Description of the task | The lines from the start of the records through the one containing "subspace V \<and>" are to be restated word for word; please include both ends.

Dataset records |
(* Let $\mathcal U=(V,\tilde V,W,\tilde W,R)$ be a gradient space. Every regular Rellich–Kondrachov cone $\mathcal K\subseteq\mathrm{Sob}(\mathcal U)$ is a Poincaré set, i.e. there is $C>0$ with $\|u\|_V\le C\|g_u\|_W$ for all $u\in\mathcal K$.
   Context: Let $\tilde V,\tilde W$ be vector spaces over $\mathbf R$ or $\mathbf C$. A gradient relation is a set $R\subseteq\tilde V\times\tilde W$ such that (G1) if $(u,g)\in R$ and $(u',g')\in R$ then $(u+u',g+g')\in R$; (G2) if $(u,g)\in R$ and $\alpha>0$ then $(\alpha u,\alpha g)\in R$. A gradient space $\mathcal U=(V,\tilde V,W,\tilde W,R)$ consists of vector spaces $\tilde V,\tilde W$, a gradient relation $R\subseteq\tilde V\times\tilde W$, and linear subspaces $V\subseteq\tilde V$, $W\subseteq\tilde W$ such that: (GS1) $V$ is a reflexive Banach space with norm $\|\cdot\|_V$; (GS2) $W$ is a reflexive and strictly convex Banach space with norm $\|\cdot\|_W$; (GS3) if $(u,g)\in R$ with $u\in V$, $g\in W$, then there exists $g'\in W$ with $(-u,g')\in R$; (GS4) if $u,u_i\in V$ and $g,g_i\in W$ with $(u_i,g_i)\in R$ for $i=1,2,\dots$, $\|u-u_i\|_V\to0$ and $\|g-g_i\|_W\to0$, then $(u,g)\in R$. The Sobolev space of $\mathcal U$ is $\mathrm{Sob}(\mathcal U)=\{u\in V:(u,g)\in R\text{ for some }g\in W\}$. Each $u\in\mathrm{Sob}(\mathcal U)$ has a unique minimal gradient $g_u\in W$: $(u,g_u)\in R$ and $\|g_u\|_W\le\|g\|_W$ for all $g\in W$ with $(u,g)\in R$. A Poincaré set is a subset $A\subseteq\mathrm{Sob}(\mathcal U)$ for which there is $C>0$ such that $\|u\|_V\le C\|g\|_W$ for all $u\in A$ and all $g\in W$ with $(u,g)\in R$. A cone $\mathcal K\subseteq\mathrm{Sob}(\mathcal U)$ (i.e. $u\in\mathcal K,\alpha>0\Rightarrow\alpha u\in\mathcal K$) is a Rellich–Kondrachov cone if for every sequence $\{u_i\}\subseteq\mathcal K$ such that $\{u_i\}$ is bounded in $V$ and $\{g_{u_i}\}$ is bounded in $W$, there is a subsequence converging in $V$ to an element of $\mathcal K$. It is regular if, for $u\in\mathcal K$, $g_u=0$ implies $u=0$. *)

theory Defs
  imports "HOL-Analysis.Analysis"
begin

definition norm_on :: "'a::real_vector set \<Rightarrow> ('a \<Rightarrow> real) \<Rightarrow> bool" where
  "norm_on V n \<longleftrightarrow> subspace V \<and>
     (\<forall>x\<in>V. 0 \<le> n x) \<and> (\<forall>x\<in>V. n x = 0 \<longleftrightarrow> x = 0) \<and>
     (\<forall>x\<in>V. \<forall>y\<in>V. n (x + y) \<le> n x + n y) \<and>
     (\<forall>c. \<forall>x\<in>V. n (c *\<^sub>R x) = \<bar>c\<bar> * n x)"

definition banach_on :: "'a::real_vector set \<Rightarrow> ('a \<Rightarrow> real) \<Rightarrow> bool" where
  "banach_on V n \<longleftrightarrow> norm_on V n \<and>
     (\<forall>X. (\<forall>i. X i \<in> V) \<and> (\<forall>e>0. \<exists>N. \<forall>m\<ge>N. \<forall>k\<ge>N. n (X m - X k) < e)
        \<longrightarrow> (\<exists>x\<in>V. (\<lambda>i. n (X i - x)) \<longlonglongrightarrow> 0))"

text \<open>Continuous linear functionals on (V, n), normalised to vanish outside V.\<close>
definition dual_on :: "'a::real_vector set \<Rightarrow> ('a \<Rightarrow> real) \<Rightarrow> ('a \<Rightarrow> real) set" where
  "dual_on V n = {f. (\<forall>x\<in>V. \<forall>y\<in>V. f (x + y) = f x + f y) \<and>
                     (\<forall>c. \<forall>x\<in>V. f (c *\<^sub>R x) = c * f x) \<and>
                     (\<exists>K. \<forall>x\<in>V. \<bar>f x\<bar> \<le> K * n x) \<and>
                     (\<forall>x. x \<notin> V \<longrightarrow> f x = 0)}"

definition dual_norm :: "'a::real_vector set \<Rightarrow> ('a \<Rightarrow> real) \<Rightarrow> ('a \<Rightarrow> real) \<Rightarrow> real" where
  "dual_norm V n f = Sup {\<bar>f x\<bar> | x. x \<in> V \<and> n x \<le> 1}"

definition reflexive_on :: "'a::real_vector set \<Rightarrow> ('a \<Rightarrow> real) \<Rightarrow> bool" where
  "reflexive_on V n \<longleftrightarrow>
     (\<forall>\<Phi> :: ('a \<Rightarrow> real) \<Rightarrow> real.
        (\<forall>f\<in>dual_on V n. \<forall>h\<in>dual_on V n. \<Phi> (\<lambda>x. f x + h x) = \<Phi> f + \<Phi> h) \<and>
        (\<forall>c. \<forall>f\<in>dual_on V n. \<Phi> (\<lambda>x. c * f x) = c * \<Phi> f) \<and>
        (\<exists>K. \<forall>f\<in>dual_on V n. \<bar>\<Phi> f\<bar> \<le> K * dual_norm V n f)
      \<longrightarrow> (\<exists>x\<in>V. \<forall>f\<in>dual_on V n. \<Phi> f = f x))"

Result of the task |
(* Let $\mathcal U=(V,\tilde V,W,\tilde W,R)$ be a gradient space. Every regular Rellich–Kondrachov cone $\mathcal K\subseteq\mathrm{Sob}(\mathcal U)$ is a Poincaré set, i.e. there is $C>0$ with $\|u\|_V\le C\|g_u\|_W$ for all $u\in\mathcal K$.
   Context: Let $\tilde V,\tilde W$ be vector spaces over $\mathbf R$ or $\mathbf C$. A gradient relation is a set $R\subseteq\tilde V\times\tilde W$ such that (G1) if $(u,g)\in R$ and $(u',g')\in R$ then $(u+u',g+g')\in R$; (G2) if $(u,g)\in R$ and $\alpha>0$ then $(\alpha u,\alpha g)\in R$. A gradient space $\mathcal U=(V,\tilde V,W,\tilde W,R)$ consists of vector spaces $\tilde V,\tilde W$, a gradient relation $R\subseteq\tilde V\times\tilde W$, and linear subspaces $V\subseteq\tilde V$, $W\subseteq\tilde W$ such that: (GS1) $V$ is a reflexive Banach space with norm $\|\cdot\|_V$; (GS2) $W$ is a reflexive and strictly convex Banach space with norm $\|\cdot\|_W$; (GS3) if $(u,g)\in R$ with $u\in V$, $g\in W$, then there exists $g'\in W$ with $(-u,g')\in R$; (GS4) if $u,u_i\in V$ and $g,g_i\in W$ with $(u_i,g_i)\in R$ for $i=1,2,\dots$, $\|u-u_i\|_V\to0$ and $\|g-g_i\|_W\to0$, then $(u,g)\in R$. The Sobolev space of $\mathcal U$ is $\mathrm{Sob}(\mathcal U)=\{u\in V:(u,g)\in R\text{ for some }g\in W\}$. Each $u\in\mathrm{Sob}(\mathcal U)$ has a unique minimal gradient $g_u\in W$: $(u,g_u)\in R$ and $\|g_u\|_W\le\|g\|_W$ for all $g\in W$ with $(u,g)\in R$. A Poincaré set is a subset $A\subseteq\mathrm{Sob}(\mathcal U)$ for which there is $C>0$ such that $\|u\|_V\le C\|g\|_W$ for all $u\in A$ and all $g\in W$ with $(u,g)\in R$. A cone $\mathcal K\subseteq\mathrm{Sob}(\mathcal U)$ (i.e. $u\in\mathcal K,\alpha>0\Rightarrow\alpha u\in\mathcal K$) is a Rellich–Kondrachov cone if for every sequence $\{u_i\}\subseteq\mathcal K$ such that $\{u_i\}$ is bounded in $V$ and $\{g_{u_i}\}$ is bounded in $W$, there is a subsequence converging in $V$ to an element of $\mathcal K$. It is regular if, for $u\in\mathcal K$, $g_u=0$ implies $u=0$. *)

theory Defs
  imports "HOL-Analysis.Analysis"
begin

definition norm_on :: "'a::real_vector set \<Rightarrow> ('a \<Rightarrow> real) \<Rightarrow> bool" where
  "norm_on V n \<longleftrightarrow> subspace V \<and>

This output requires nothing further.